Эфраим Баух - Оклик
Доносит фразу с дальнего столика:
– Бывает, что история замирает. Редко, но случается. Никаких толчков. Столкновений. К примеру, две тысячи лет назад. При царе Давиде. Империи выдохлись, высунули языки, как псы. Давид это использовал…
Невероятны метаморфозы, случающиеся с людьми на этой земле: горбатые десятью Галутами, падают они в дымящуюся воронку этой жизни, криво и напряженно укладывающейся по сегодня, так, что ощущаются все сгибы и складки.
Гаснут фонари и абажуры кафе.
Катком луны вмиг оттискиваются на стене ажурные тени и кисти абажуров, осталось прилечь под стену, чтобы ощутить себя в далеком детстве следящим за игрой теней и лунного света.

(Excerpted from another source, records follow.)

(* Let $K$ satisfy (K1) and (K2). For any $a,b\in[0,1]$, $$\sum_{k=1}^n\big(W_{nk}(a)-W_{nk}(b)\big)^2\le W\,n^{-1}h^{-3}\Big(\frac{8L_2}{\lambda_0}|a-b|\wedge h\Big)^2 .$$ In particular, if $\varepsilon_1,\dots,\varepsilon_n$ are i.i.d. $\mathcal N(0,\sigma^2)$, then $R_{a,b}:=\sum_{k=1}^nW_{nk}(a)\varepsilon_k-\sum_{k=1}^nW_{nk}(b)\varepsilon_k$ satisfies $\mathbb V(R_{a,b})\le\sigma^2Wn^{-1}h^{-3}\big(\frac{8L_2}{\lambda_0}|a-b|\wedge h\big)^2$.
   Context: $x_k=k/n$. (K1): $K$ nonnegative, $\int K=1$, supported in $[-1,1]$, $K_{\min}\mathbf 1_{\{|u|\le\Delta\}}\le K\le K_{\max}$ for constants $K_{\min},K_{\max},\Delta>0$. (K2): $K$ Lipschitz with constant $L_K$. For $\beta>0$ and $k_0=\lceil\beta\rceil-1$: $U(u)=(1,u,\dots,u^{k_0}/k_0!)^\top$, $\mathcal B_{nx}=\frac1{nh}\sum_lU(\tfrac{x_l-x}h)U(\tfrac{x_l-x}h)^\top K(\tfrac{x_l-x}h)$, $W_{nk}(x)=\frac1{nh}U(0)^\top\mathcal B_{nx}^{-1}U(\tfrac{x_k-x}h)K(\tfrac{x_k-x}h)$ (weights of the local polynomial estimator of order $k_0$, bandwidth $h$). Standing assumption: $h\ge1/(2n)$ and $\lambda_0>0$ is a constant with smallest eigenvalue of $\mathcal B_{nx}$ at least $\lambda_0$ for all $x\in[0,1]$ ($n$ large). Constants: $C_*=8K_{\max}/\lambda_0$, $L_1=\sqrt e(L_K+K_{\max})$, $L_2=2\lceil\beta\rceil K_{\max}+\lceil\beta\rceil L_K$, $\widetilde C_*=L_1/(8L_2)+\sqrt eK_{\max}/\lambda_0$, $W=\max(4C_*^2,4\widetilde C_*^2)$. *)

theory Defs
  imports "HOL-Probability.Probability" "Jordan_Normal_Form.Char_Poly"
    "Jordan_Normal_Form.Gauss_Jordan_Elimination"
begin

definition lp_order :: "real \<Rightarrow> nat" where
  "lp_order \<beta> = nat \<lceil>\<beta>\<rceil> - 1"

definition Uvec :: "real \<Rightarrow> real \<Rightarrow> real Matrix.vec" where
  "Uvec \<beta> u = Matrix.vec (lp_order \<beta> + 1) (\<lambda>i. u ^ i / fact i)"

definition xpt :: "nat \<Rightarrow> nat \<Rightarrow> real" where
  "xpt n k = real k / real n"

definition Bmat :: "(real \<Rightarrow> real) \<Rightarrow> real \<Rightarrow> nat \<Rightarrow> real \<Rightarrow> real \<Rightarrow> real Matrix.mat" where
  "Bmat K \<beta> n h x = Matrix.mat (lp_order \<beta> + 1) (lp_order \<beta> + 1)
     (\<lambda>(i, j). (1 / (real n * h)) * (\<Sum>l = 1..n.
        vec_index (Uvec \<beta> ((xpt n l - x) / h)) i * vec_index (Uvec \<beta> ((xpt n l - x) / h)) j
        * K ((xpt n l - x) / h)))"

definition Wnk :: "(real \<Rightarrow> real) \<Rightarrow> real \<Rightarrow> nat \<Rightarrow> real \<Rightarrow> nat \<Rightarrow> real \<Rightarrow> real" where
  "Wnk K \<beta> n h k x = (1 / (real n * h)) *
     scalar_prod (Uvec \<beta> 0) (the (mat_inverse (Bmat K \<beta> n h x)) *\<^sub>v Uvec \<beta> ((xpt n k - x) / h))
     * K ((xpt n k - x) / h)"

definition Cstar :: "real \<Rightarrow> real \<Rightarrow> real" where
  "Cstar Kmax lam0 = 8 * Kmax / lam0"

definition L1const :: "real \<Rightarrow> real \<Rightarrow> real" where
  "L1const LK Kmax = sqrt (exp 1) * (LK + Kmax)"

definition L2const :: "real \<Rightarrow> real \<Rightarrow> real \<Rightarrow> real" where
  "L2const \<beta> LK Kmax = 2 * real_of_int \<lceil>\<beta>\<rceil> * Kmax + real_of_int \<lceil>\<beta>\<rceil> * LK"

definition Ctilde :: "real \<Rightarrow> real \<Rightarrow> real \<Rightarrow> real \<Rightarrow> real" where
  "Ctilde \<beta> LK Kmax lam0 = L1const LK Kmax / (8 * L2const \<beta> LK Kmax) + sqrt (exp 1) * Kmax / lam0"

definition Wconst :: "real \<Rightarrow> real \<Rightarrow> real \<Rightarrow> real \<Rightarrow> real" where
  "Wconst \<beta> LK Kmax lam0 = max (4 * (Cstar Kmax lam0)\<^sup>2) (4 * (Ctilde \<beta> LK Kmax lam0)\<^sup>2)"

end

(*
  Write W_nk(x) = (nh)^-1 U(0)^T B_x^-1 g_x(k), where g_x(k) = K(u) U(u) with u = (x_k - x)/h.
  Since B_x is symmetric with all eigenvalues at least lam0, the Rayleigh quotient bound gives
  |B_x^-1 y| <= |y| / lam0. The vector g(u) = K(u) U(u) has norm at most sqrt(e) Kmax and is
  sqrt(e) (LK + Kmax)-Lipschitz in u, and the entries of B_b - B_a are at most
  (nh)^-1 N (2 Kmax + LK) |a - b| / h, where N counts the design points within h of a or b.
  The identity
    B_a^-1 g_a - B_b^-1 g_b = B_a^-1 ((g_a - g_b) + (B_b - B_a) B_b^-1 g_b)
  therefore bounds each |W_nk(a) - W_nk(b)| by a multiple of |a - b| / h, and only the N = O(nh)
  active indices contribute. When |a - b| is not small compared with h, the crude bound
  sum_k W_nk(x)^2 <= (2nh + 1) (sqrt(e) Kmax / (nh lam0))^2 suffices instead.
  The variance bound follows from Var(sum_k c_k eps_k) = sigma^2 sum_k c_k^2.
*)

theory Submission
  imports Defs
begin

section \<open>Rayleigh quotient bound for symmetric matrices\<close>

lemma compact_unit_sphere_finite_support:
  "compact {v :: nat \<Rightarrow> real. (\<forall>i\<ge>D. v i = 0) \<and> (\<Sum>i<D. (v i)\<^sup>2) = 1}"
    (is "compact ?S")
proof -
  define box where "box = Pi\<^sub>E UNIV (\<lambda>i. if i < D then {-1..1} else {0::real})"
  have "compactin (product_topology (\<lambda>_. euclidean) UNIV) box"
    unfolding box_def by (subst compactin_PiE) auto
  then have "compact box"
    by (simp add: euclidean_product_topology compactin_euclidean_iff)
  moreover have "closed {v :: nat \<Rightarrow> real. (\<Sum>i<D. (v i)\<^sup>2) = 1}"
    by (intro closed_Collect_eq continuous_intros continuous_on_product_coordinates)
  moreover have "?S = box \<inter> {v. (\<Sum>i<D. (v i)\<^sup>2) = 1}"
  proof -
    have "\<bar>v i\<bar> \<le> 1" if "(\<Sum>i<D. (v i)\<^sup>2) = 1" "i < D" for v :: "nat \<Rightarrow> real" and i
      using member_le_sum[of i "{..<D}" "\<lambda>i. (v i)\<^sup>2"] that abs_square_le_1 by auto
    then show ?thesis
      by (auto simp: box_def PiE_UNIV_domain Pi_def abs_le_iff not_less split: if_splits)
  qed
  ultimately show ?thesis by (simp add: compact_Int_closed)
qed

Полдень и полночь – время наибольшей остроты жизни, когда люди обыкновенно спят.
Город постепенно замирает, зачарованный лунным светом. Пересекаем улицу Ибн-Гебироль, вдоль которой в кафе и за столиками прямо на тротуаре сидят полуночники, потягивая через соломинку напиток дремы, дымящийся вязкими бликами луны.

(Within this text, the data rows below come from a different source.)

(* Let $\bar\lambda\in(0,\infty)^k$ be a tuning parameter satisfying $\bar\lambda_j/(2g'(\|Y-X\hat\beta^{\bar\lambda}\|_2^2))=\|(XP_jM_j^{+})^\top\varepsilon\|_{q_j}^*$ for all $j$, and let $\bar\beta:=\hat\beta^{\bar\lambda}$. Then, with probability one, $$\frac1n\|X(\beta^*-\bar\beta)\|_2^2\le\min_{\beta\in\mathbb{R}^p}\Big\{\frac1n\|X(\beta^*-\beta)\|_2^2+\frac4n\sum_{j=1}^k\|(XP_jM_j^{+})^\top\varepsilon\|_{q_j}^*\,\|M_j\beta\|_{q_j}\Big\}.$$
   Context: Standing setup. Model: $Y=X\beta^*+\varepsilon$ with $Y\in\mathbb{R}^n$, $X\in\mathbb{R}^{n\times p}$, $\beta^*\in\mathbb{R}^p$, $\varepsilon\in\mathbb{R}^n$ (random). Link function $g:\mathbb{R}\to[0,\infty)$ with $g(0)=0$, $g$ continuous and strictly increasing on $[0,\infty)$, continuously differentiable on $(0,\infty)$ with strictly positive and non-increasing derivative $g'$, and such that $\alpha\mapsto g(\|\alpha\|_2^2)$ is strictly convex on $\mathbb{R}^n$. Penalty: $k\ge1$, matrices $M_1,\dots,M_k\in\mathbb{R}^{p\times p}$ with $\bigcap_{j=1}^k\mathrm{Ker}(M_j)=\{0\}$, exponents $q_j\ge1$, $\|\cdot\|_{q_j}$ the $\ell_{q_j}$-norm on $\mathbb{R}^p$, and $\|\cdot\|_{q_j}^*$ its dual norm. For $\lambda\in(0,\infty)^k$, $\hat\beta^\lambda$ denotes any element of $\arg\min_{\beta\in\mathbb{R}^p}\{g(\|Y-X\beta\|_2^2)+\sum_{j=1}^k\lambda_j\|M_j\beta\|_{q_j}\}$. $A^+$ denotes the Moore–Penrose pseudoinverse; $P_1,\dots,P_k\in\mathbb{R}^{p\times p}$ are fixed projection matrices with $\sum_{j=1}^kP_jM_j^+M_j=I_{p\times p}$. Noise assumption: with probability one, $Y\neq0$ and $\min_{j}\|(XP_jM_j^{+})^\top\varepsilon\|_{q_j}^*>0$. *)

theory Defs
  imports "HOL-Analysis.Analysis"
begin

definition strictly_convex_on :: "'a::real_vector set \<Rightarrow> ('a \<Rightarrow> real) \<Rightarrow> bool" where
  "strictly_convex_on S f \<longleftrightarrow>
     (\<forall>x\<in>S. \<forall>y\<in>S. \<forall>t::real. x \<noteq> y \<and> 0 < t \<and> t < 1 \<longrightarrow>
        f ((1 - t) *\<^sub>R x + t *\<^sub>R y) < (1 - t) * f x + t * f y)"

definition pinv :: "real^'n^'m \<Rightarrow> real^'m^'n" where
  "pinv A = (THE B. A ** B ** A = A \<and> B ** A ** B = B \<and>
                   transpose (A ** B) = A ** B \<and> transpose (B ** A) = B ** A)"

definition lq_norm :: "real \<Rightarrow> real^'p \<Rightarrow> real" where
  "lq_norm q x = (\<Sum>i\<in>UNIV. \<bar>x $ i\<bar> powr q) powr (1 / q)"

definition dual_norm :: "(real^'p \<Rightarrow> real) \<Rightarrow> real^'p \<Rightarrow> real" where
  "dual_norm N v = Sup {v \<bullet> x | x. N x \<le> 1}"

definition objective ::
  "(real \<Rightarrow> real) \<Rightarrow> real^'p^'n \<Rightarrow> real^'n \<Rightarrow> nat \<Rightarrow> (nat \<Rightarrow> real^'p^'p)
     \<Rightarrow> (nat \<Rightarrow> real) \<Rightarrow> (nat \<Rightarrow> real) \<Rightarrow> real^'p \<Rightarrow> real" where
  "objective g X Y k M q lam \<beta> =
     g ((norm (Y - X *v \<beta>))\<^sup>2) + (\<Sum>j\<in>{1..k}. lam j * lq_norm (q j) (M j *v \<beta>))"

end

theory Submission
  imports Defs
begin

text \<open>
  Fix a competitor \<open>\<beta>\<close> and write \<open>D\<^sub>j\<close> for the dual norm of the projected noise
  \<open>(X P\<^sub>j M\<^sub>j\<^sup>+)\<^sup>T \<epsilon>\<close>. Since the penalty is convex and \<open>g\<close> is differentiable at the
  positive squared residual, the minimality of \<open>\<beta>bar\<close> along the segment towards \<open>\<beta>\<close> gives
  \<open>2 g'(\<parallel>Y - X\<beta>bar\<parallel>\<^sup>2) \<langle>Y - X\<beta>bar, X(\<beta> - \<beta>bar)\<rangle> \<le> pen \<beta> - pen \<beta>bar\<close>, and the choice of
  the tuning parameter turns the right-hand side into \<open>2 g' \<Sum>\<^sub>j D\<^sub>j (\<parallel>M\<^sub>j\<beta>\<parallel> - \<parallel>M\<^sub>j\<beta>bar\<parallel>)\<close>.
  Splitting \<open>X = \<Sum>\<^sub>j X P\<^sub>j M\<^sub>j\<^sup>+ M\<^sub>j\<close>, the noise term \<open>\<langle>\<epsilon>, X(\<beta>bar - \<beta>)\<rangle>\<close> is at most
  \<open>\<Sum>\<^sub>j D\<^sub>j \<parallel>M\<^sub>j(\<beta>bar - \<beta>)\<parallel>\<close> by the dual-norm inequality. Adding the two bounds controls
  \<open>\<langle>a, a - b\<rangle>\<close> for \<open>a = X(\<beta>star - \<beta>bar)\<close>, \<open>b = X(\<beta>star - \<beta>)\<close>, and
  \<open>2\<langle>a, a - b\<rangle> = \<parallel>a\<parallel>\<^sup>2 - \<parallel>b\<parallel>\<^sup>2 + \<parallel>a - b\<parallel>\<^sup>2\<close> yields the oracle inequality.
\<close>

lemma powr_convex_nonneg:
  assumes q: "q \<ge> 1"
  shows "convex_on {0..} (\<lambda>x::real. x powr q)"
proof (rule convex_onI)
  have shrink: "(t * w) powr q \<le> t * w powr q" if "0 \<le> t" "t \<le> 1" "w \<ge> 0" for t w
  proof (cases "t = 0")
    case False
    then have "t powr q \<le> t" using that q powr_le_one_le by auto
    then show ?thesis using that by (simp add: powr_mult mult_right_mono)
  qed (use q in simp)
  fix t u v :: real
  assume t: "0 < t" "t < 1" and uv: "u \<in> {0..}" "v \<in> {0..}"
  consider "u = 0" | "v = 0" | "u > 0" "v > 0" using uv by fastforce
  then show "((1 - t) *\<^sub>R u + t *\<^sub>R v) powr q \<le> (1 - t) * u powr q + t * v powr q"
  proof cases
    case 1 then show ?thesis using shrink[of t v] t uv q by simp
  next
    case 2 then show ?thesis using shrink[of "1 - t" u] t uv q by simp
  next
    case 3 then show ?thesis using convex_onD[OF powr_convex[OF q], of t u v] t by simp
  qed
qed simp

lemma abs_powr_convex:
  assumes q: "q \<ge> 1"
  shows "convex_on UNIV (\<lambda>x::real. \<bar>x\<bar> powr q)"
proof (rule convex_onI)
  fix t a b :: real
  assume t: "0 < t" "t < 1"
  have "\<bar>(1 - t) *\<^sub>R a + t *\<^sub>R b\<bar> \<le> (1 - t) * \<bar>a\<bar> + t * \<bar>b\<bar>"
    using abs_triangle_ineq[of "(1 - t) * a" "t * b"] t by (simp add: abs_mult)
  then have "\<bar>(1 - t) *\<^sub>R a + t *\<^sub>R b\<bar> powr q \<le> ((1 - t) * \<bar>a\<bar> + t * \<bar>b\<bar>) powr q"
    using q by (intro powr_mono2) auto
  also have "\<dots> \<le> (1 - t) * \<bar>a\<bar> powr q + t * \<bar>b\<bar> powr q"
    using convex_onD[OF powr_convex_nonneg[OF q], of t "\<bar>a\<bar>" "\<bar>b\<bar>"] t by simp
  finally show "\<bar>(1 - t) *\<^sub>R a + t *\<^sub>R b\<bar> powr q \<le> (1 - t) * \<bar>a\<bar> powr q + t * \<bar>b\<bar> powr q" .
qed simp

Погруженный в сон переулок Тосканини выводит к темной громаде Дворца культуры, чьи своды, вероятно, чаще, чем своды самых знаменитых концертных залов, отражают виртуозные пассажи лучших музыкантов мира. Сегодня здесь непривычно пустынно. Филармонический оркестр отконцертировал на зеленых лужайках Яркона, еще одинокие последние шутихи, потрескивая, взлетают в небо. Гаснет стеклянный аквариум фойе театра "Габима": после спектакля пустеет автомобильная стоянка.
Театральный разъезд.
Тишина. Никакого движения.
Вдруг, у входа в бульвар Ротшильда, легший прострелом от "Габимы" в сторону моря, разбойный порыв ветра срывает листву с деревьев, построившихся шеренгой, как перед расстрелом, летят листья и сор вдоль бульвара, протянувшегося сквозным прострелом через все изгнания – с платанами, кленами, акациями, старыми евреями в пикейных жилетах, сидящими на скамейках, бабушками и младенцами, – и всех несет гибельным ветром времени через Киев, Одессу, Кишинев, Бухарест, Прагу, Варшаву – в яму…
На бульваре Ротшильда лунный дым зеленоватыми кольцами курится сквозь листья.
На память приходят строки, возникшие двадцать семь лет назад в полуночном парке нашего городка с деревьями, сомнамбулически вставшими на дыбы, вытягиваемыми, как утопающие за волосы, лунным светом и страхом после окончания школы перед тем, что будет завтра:
Есть час полуночи, ущербной луны, что бездну пробив, как лот, тревожные тени кладет на лоб и дальние валуны.
Неясным зовом вплывает она в уютную мглу под кров – тогда к берегам приливает волна и к кончикам нервов – кровь…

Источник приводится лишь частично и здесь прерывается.